• The problem:
From the data below, set down exactly the lines between the one holding "text \<open>Points of" and the one holding "text \<open>Holomorphy on", inclusive, and no others.

• Records for this exercise:
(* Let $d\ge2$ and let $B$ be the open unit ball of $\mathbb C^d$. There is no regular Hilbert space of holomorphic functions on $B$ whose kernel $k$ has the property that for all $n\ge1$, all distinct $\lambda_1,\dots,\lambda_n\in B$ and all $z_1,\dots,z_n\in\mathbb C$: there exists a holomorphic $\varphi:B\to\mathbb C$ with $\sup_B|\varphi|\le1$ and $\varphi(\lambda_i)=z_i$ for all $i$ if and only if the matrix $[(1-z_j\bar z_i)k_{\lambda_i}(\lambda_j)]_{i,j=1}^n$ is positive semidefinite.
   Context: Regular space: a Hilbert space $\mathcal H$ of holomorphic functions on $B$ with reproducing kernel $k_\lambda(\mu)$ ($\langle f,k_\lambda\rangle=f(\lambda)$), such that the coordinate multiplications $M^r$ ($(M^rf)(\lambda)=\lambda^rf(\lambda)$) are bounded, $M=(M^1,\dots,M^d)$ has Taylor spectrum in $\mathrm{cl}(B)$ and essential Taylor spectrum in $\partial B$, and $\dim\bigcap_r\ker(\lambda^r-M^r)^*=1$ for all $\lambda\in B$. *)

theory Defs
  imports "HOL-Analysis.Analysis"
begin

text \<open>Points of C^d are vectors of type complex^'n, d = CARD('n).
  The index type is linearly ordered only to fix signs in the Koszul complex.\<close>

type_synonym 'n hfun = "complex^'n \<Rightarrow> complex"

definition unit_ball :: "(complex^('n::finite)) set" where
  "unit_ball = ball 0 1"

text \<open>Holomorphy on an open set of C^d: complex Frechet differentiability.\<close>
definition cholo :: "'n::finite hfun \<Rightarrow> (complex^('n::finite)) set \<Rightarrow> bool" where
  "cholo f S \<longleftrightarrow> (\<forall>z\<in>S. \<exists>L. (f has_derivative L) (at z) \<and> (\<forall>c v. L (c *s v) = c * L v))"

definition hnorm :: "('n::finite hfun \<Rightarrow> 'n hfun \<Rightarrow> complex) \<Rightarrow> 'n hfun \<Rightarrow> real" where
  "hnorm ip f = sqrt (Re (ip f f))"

• Exercise result:
text \<open>Points of C^d are vectors of type complex^'n, d = CARD('n).
  The index type is linearly ordered only to fix signs in the Koszul complex.\<close>

type_synonym 'n hfun = "complex^'n \<Rightarrow> complex"

definition unit_ball :: "(complex^('n::finite)) set" where
  "unit_ball = ball 0 1"

text \<open>Holomorphy on an open set of C^d: complex Frechet differentiability.\<close>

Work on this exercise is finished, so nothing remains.